(Dataset entries)
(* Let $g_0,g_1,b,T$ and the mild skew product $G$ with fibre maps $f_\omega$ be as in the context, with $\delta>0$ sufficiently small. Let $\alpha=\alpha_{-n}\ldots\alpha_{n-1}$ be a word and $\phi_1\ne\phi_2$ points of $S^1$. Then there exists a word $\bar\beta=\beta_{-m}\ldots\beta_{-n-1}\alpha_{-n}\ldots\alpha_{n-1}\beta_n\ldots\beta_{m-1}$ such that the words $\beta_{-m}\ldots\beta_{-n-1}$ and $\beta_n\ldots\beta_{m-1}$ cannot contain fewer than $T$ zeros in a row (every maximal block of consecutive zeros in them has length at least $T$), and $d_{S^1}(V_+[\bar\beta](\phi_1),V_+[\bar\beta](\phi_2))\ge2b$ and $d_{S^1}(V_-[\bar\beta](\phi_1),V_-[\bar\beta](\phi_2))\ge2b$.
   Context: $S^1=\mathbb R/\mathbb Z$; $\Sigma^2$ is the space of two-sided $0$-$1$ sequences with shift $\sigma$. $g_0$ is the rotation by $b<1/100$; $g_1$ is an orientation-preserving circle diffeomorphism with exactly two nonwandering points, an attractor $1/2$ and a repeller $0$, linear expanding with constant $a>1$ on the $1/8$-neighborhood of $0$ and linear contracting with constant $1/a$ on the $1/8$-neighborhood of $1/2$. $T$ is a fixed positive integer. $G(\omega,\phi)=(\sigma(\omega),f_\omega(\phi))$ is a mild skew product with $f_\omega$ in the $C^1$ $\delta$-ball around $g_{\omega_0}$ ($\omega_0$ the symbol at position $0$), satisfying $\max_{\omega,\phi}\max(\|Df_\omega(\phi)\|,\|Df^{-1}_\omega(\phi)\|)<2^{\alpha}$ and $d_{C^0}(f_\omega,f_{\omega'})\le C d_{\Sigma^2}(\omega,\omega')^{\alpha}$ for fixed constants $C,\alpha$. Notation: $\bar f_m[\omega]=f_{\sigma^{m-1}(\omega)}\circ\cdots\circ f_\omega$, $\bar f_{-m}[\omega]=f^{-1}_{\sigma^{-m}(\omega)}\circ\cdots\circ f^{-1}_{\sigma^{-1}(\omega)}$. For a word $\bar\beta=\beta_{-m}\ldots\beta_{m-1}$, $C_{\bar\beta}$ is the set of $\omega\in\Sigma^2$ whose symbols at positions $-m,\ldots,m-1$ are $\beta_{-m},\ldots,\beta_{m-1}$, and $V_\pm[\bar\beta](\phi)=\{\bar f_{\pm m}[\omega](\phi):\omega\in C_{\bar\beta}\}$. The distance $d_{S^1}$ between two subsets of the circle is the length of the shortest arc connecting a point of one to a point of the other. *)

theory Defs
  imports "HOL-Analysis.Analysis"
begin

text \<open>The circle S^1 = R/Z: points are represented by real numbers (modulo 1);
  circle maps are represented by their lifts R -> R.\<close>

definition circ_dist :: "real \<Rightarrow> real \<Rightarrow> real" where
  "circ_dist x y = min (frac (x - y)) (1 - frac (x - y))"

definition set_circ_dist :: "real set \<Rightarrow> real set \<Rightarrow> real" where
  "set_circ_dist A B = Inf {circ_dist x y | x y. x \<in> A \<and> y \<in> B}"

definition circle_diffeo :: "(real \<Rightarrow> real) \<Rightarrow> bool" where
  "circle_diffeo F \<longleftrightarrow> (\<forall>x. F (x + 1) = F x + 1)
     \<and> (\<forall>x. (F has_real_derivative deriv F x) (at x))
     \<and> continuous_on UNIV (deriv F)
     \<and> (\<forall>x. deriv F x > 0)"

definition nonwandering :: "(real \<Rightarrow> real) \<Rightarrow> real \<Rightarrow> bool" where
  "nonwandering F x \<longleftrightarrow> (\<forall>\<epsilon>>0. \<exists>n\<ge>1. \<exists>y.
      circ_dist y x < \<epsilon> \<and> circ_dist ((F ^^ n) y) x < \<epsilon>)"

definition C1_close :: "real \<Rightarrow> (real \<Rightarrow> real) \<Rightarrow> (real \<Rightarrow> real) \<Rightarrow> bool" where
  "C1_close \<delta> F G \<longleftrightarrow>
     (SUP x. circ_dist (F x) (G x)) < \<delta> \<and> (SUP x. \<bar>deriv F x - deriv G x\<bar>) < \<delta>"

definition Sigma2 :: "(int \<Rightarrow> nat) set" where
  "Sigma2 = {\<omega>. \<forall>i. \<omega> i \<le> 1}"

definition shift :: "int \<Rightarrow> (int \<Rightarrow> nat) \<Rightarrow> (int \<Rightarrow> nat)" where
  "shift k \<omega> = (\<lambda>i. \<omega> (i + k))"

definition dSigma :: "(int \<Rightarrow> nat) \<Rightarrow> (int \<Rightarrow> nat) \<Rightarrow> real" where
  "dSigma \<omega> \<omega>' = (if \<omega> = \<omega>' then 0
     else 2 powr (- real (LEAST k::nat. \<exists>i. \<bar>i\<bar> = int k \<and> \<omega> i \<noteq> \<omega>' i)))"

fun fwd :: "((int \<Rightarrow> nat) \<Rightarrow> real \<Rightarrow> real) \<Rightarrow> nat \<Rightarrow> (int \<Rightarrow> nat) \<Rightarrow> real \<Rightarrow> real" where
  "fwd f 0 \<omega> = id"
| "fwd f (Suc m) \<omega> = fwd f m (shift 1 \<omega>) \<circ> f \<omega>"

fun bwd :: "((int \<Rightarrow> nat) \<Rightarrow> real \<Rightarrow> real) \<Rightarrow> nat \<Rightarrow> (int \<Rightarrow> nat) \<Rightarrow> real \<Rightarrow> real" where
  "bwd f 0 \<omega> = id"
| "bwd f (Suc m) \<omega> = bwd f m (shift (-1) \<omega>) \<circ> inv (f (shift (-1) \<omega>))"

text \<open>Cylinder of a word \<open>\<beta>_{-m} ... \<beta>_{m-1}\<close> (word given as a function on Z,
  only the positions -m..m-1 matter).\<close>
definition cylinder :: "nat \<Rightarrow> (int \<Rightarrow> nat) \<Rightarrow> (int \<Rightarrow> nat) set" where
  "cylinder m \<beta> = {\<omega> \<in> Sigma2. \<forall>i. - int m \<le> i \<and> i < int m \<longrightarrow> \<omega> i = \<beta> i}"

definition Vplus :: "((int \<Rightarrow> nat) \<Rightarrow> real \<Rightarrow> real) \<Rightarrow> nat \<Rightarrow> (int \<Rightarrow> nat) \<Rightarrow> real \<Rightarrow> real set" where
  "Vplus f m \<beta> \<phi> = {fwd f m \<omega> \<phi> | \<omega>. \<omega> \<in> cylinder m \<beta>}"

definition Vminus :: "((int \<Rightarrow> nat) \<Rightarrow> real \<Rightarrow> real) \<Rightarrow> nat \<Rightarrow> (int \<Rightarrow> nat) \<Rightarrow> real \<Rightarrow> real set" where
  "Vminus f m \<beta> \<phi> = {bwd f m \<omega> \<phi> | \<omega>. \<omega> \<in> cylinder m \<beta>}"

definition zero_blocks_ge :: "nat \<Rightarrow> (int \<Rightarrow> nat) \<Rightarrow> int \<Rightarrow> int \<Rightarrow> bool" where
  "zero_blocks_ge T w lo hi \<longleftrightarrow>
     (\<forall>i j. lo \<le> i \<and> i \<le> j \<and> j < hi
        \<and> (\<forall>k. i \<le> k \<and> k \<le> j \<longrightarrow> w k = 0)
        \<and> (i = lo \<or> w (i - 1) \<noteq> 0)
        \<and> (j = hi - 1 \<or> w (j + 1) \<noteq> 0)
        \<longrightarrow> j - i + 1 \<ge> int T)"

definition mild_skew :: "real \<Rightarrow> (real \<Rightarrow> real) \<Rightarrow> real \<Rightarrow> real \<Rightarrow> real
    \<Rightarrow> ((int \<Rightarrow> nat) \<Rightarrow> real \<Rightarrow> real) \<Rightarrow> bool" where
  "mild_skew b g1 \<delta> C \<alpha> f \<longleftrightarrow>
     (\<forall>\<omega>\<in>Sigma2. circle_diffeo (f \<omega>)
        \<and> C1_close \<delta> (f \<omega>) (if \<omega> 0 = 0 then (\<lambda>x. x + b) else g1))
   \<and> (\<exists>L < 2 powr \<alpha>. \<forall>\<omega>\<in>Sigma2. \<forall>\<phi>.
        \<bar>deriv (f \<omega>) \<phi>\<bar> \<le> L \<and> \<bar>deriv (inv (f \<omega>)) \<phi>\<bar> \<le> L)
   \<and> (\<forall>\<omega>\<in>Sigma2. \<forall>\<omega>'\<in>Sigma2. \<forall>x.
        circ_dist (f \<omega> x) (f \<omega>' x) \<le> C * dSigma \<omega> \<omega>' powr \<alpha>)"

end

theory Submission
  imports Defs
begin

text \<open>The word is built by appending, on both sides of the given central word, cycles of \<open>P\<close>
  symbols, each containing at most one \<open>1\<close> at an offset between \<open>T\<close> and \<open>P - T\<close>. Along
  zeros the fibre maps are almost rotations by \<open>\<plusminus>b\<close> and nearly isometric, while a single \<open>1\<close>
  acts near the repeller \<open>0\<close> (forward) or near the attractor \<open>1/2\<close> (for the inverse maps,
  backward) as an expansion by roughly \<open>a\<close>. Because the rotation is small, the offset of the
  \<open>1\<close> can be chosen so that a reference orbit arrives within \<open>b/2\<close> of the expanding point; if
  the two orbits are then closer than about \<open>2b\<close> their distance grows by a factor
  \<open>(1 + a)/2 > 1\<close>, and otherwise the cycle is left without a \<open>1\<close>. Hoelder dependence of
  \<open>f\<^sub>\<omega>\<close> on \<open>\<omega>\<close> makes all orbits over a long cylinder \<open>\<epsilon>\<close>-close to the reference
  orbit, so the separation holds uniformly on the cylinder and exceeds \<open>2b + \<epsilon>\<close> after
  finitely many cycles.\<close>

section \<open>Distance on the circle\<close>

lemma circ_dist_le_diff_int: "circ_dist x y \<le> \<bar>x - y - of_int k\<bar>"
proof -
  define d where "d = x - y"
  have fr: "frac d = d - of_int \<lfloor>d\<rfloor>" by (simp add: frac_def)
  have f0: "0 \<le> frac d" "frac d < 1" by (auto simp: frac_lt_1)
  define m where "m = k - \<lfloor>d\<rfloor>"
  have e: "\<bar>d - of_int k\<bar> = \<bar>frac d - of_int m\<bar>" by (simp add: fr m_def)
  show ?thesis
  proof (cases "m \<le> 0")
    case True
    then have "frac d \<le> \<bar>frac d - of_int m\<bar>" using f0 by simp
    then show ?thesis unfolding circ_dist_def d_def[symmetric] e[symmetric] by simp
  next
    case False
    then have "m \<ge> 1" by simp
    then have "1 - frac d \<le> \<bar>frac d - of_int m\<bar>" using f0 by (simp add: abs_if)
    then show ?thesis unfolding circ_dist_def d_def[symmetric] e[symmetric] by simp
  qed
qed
--
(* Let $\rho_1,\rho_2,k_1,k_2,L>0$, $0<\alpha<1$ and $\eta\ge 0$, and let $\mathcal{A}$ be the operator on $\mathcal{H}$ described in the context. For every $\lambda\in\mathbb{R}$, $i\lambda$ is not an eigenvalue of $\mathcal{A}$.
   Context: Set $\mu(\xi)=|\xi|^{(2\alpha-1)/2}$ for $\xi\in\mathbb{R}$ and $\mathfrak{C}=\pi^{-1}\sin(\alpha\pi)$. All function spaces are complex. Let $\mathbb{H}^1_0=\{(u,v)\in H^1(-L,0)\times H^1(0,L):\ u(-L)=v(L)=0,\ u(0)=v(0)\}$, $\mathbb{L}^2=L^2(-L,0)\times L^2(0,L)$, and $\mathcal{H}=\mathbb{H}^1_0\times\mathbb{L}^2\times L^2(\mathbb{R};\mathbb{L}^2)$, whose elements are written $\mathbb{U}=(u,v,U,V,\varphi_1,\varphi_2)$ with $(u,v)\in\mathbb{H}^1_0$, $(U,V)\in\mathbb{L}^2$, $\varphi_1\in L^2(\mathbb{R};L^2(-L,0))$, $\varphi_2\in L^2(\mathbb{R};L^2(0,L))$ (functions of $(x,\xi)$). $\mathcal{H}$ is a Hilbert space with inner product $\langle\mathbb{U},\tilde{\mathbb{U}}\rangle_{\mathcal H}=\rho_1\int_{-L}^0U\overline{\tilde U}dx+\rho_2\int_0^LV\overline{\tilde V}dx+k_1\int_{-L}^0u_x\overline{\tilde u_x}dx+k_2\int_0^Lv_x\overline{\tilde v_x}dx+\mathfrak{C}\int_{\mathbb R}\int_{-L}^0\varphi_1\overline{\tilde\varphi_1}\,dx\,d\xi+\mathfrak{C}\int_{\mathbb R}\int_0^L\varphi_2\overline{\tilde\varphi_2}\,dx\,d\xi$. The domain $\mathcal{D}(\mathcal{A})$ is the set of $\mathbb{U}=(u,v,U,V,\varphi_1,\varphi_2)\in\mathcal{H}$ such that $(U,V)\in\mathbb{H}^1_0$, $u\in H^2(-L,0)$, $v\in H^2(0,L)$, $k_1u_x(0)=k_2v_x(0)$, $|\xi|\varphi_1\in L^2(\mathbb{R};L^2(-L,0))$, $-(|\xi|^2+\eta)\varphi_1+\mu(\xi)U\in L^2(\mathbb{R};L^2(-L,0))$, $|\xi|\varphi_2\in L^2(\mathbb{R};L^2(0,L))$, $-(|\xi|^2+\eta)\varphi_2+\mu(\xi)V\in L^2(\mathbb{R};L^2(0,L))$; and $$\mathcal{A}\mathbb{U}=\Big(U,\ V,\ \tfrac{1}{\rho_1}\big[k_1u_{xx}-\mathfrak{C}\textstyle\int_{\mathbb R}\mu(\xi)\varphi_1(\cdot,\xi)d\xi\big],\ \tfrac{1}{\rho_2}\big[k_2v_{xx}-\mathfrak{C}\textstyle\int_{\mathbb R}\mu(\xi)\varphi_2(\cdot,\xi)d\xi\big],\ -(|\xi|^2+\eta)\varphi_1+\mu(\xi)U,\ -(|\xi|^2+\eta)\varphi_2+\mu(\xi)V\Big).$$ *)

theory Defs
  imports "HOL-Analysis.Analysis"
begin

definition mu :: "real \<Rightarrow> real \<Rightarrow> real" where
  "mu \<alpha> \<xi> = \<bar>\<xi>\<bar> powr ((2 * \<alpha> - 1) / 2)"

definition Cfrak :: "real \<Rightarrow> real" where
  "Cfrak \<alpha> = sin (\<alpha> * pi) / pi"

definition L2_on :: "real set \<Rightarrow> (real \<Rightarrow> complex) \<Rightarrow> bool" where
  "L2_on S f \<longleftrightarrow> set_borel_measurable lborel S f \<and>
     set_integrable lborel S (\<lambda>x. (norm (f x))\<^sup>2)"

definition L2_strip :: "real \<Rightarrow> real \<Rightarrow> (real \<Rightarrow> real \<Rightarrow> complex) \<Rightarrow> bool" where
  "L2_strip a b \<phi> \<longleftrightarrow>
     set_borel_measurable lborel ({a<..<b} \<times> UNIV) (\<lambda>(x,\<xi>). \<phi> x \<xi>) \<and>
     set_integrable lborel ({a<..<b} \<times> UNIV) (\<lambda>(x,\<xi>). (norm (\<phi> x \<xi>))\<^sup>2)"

> ABOUT THIS EXERCISE
Repeat exactly the lines above from the one with "F x) (at x))" up to and including the one with "nat) \<Rightarrow> (int \<Rightarrow> nat) \<Rightarrow>". No other line belongs in the reply.

> RESPONSE TO THE TASK
     \<and> (\<forall>x. (F has_real_derivative deriv F x) (at x))
     \<and> continuous_on UNIV (deriv F)
     \<and> (\<forall>x. deriv F x > 0)"

definition nonwandering :: "(real \<Rightarrow> real) \<Rightarrow> real \<Rightarrow> bool" where
  "nonwandering F x \<longleftrightarrow> (\<forall>\<epsilon>>0. \<exists>n\<ge>1. \<exists>y.
      circ_dist y x < \<epsilon> \<and> circ_dist ((F ^^ n) y) x < \<epsilon>)"

definition C1_close :: "real \<Rightarrow> (real \<Rightarrow> real) \<Rightarrow> (real \<Rightarrow> real) \<Rightarrow> bool" where
  "C1_close \<delta> F G \<longleftrightarrow>
     (SUP x. circ_dist (F x) (G x)) < \<delta> \<and> (SUP x. \<bar>deriv F x - deriv G x\<bar>) < \<delta>"

definition Sigma2 :: "(int \<Rightarrow> nat) set" where
  "Sigma2 = {\<omega>. \<forall>i. \<omega> i \<le> 1}"

definition shift :: "int \<Rightarrow> (int \<Rightarrow> nat) \<Rightarrow> (int \<Rightarrow> nat)" where
  "shift k \<omega> = (\<lambda>i. \<omega> (i + k))"

definition dSigma :: "(int \<Rightarrow> nat) \<Rightarrow> (int \<Rightarrow> nat) \<Rightarrow> real" where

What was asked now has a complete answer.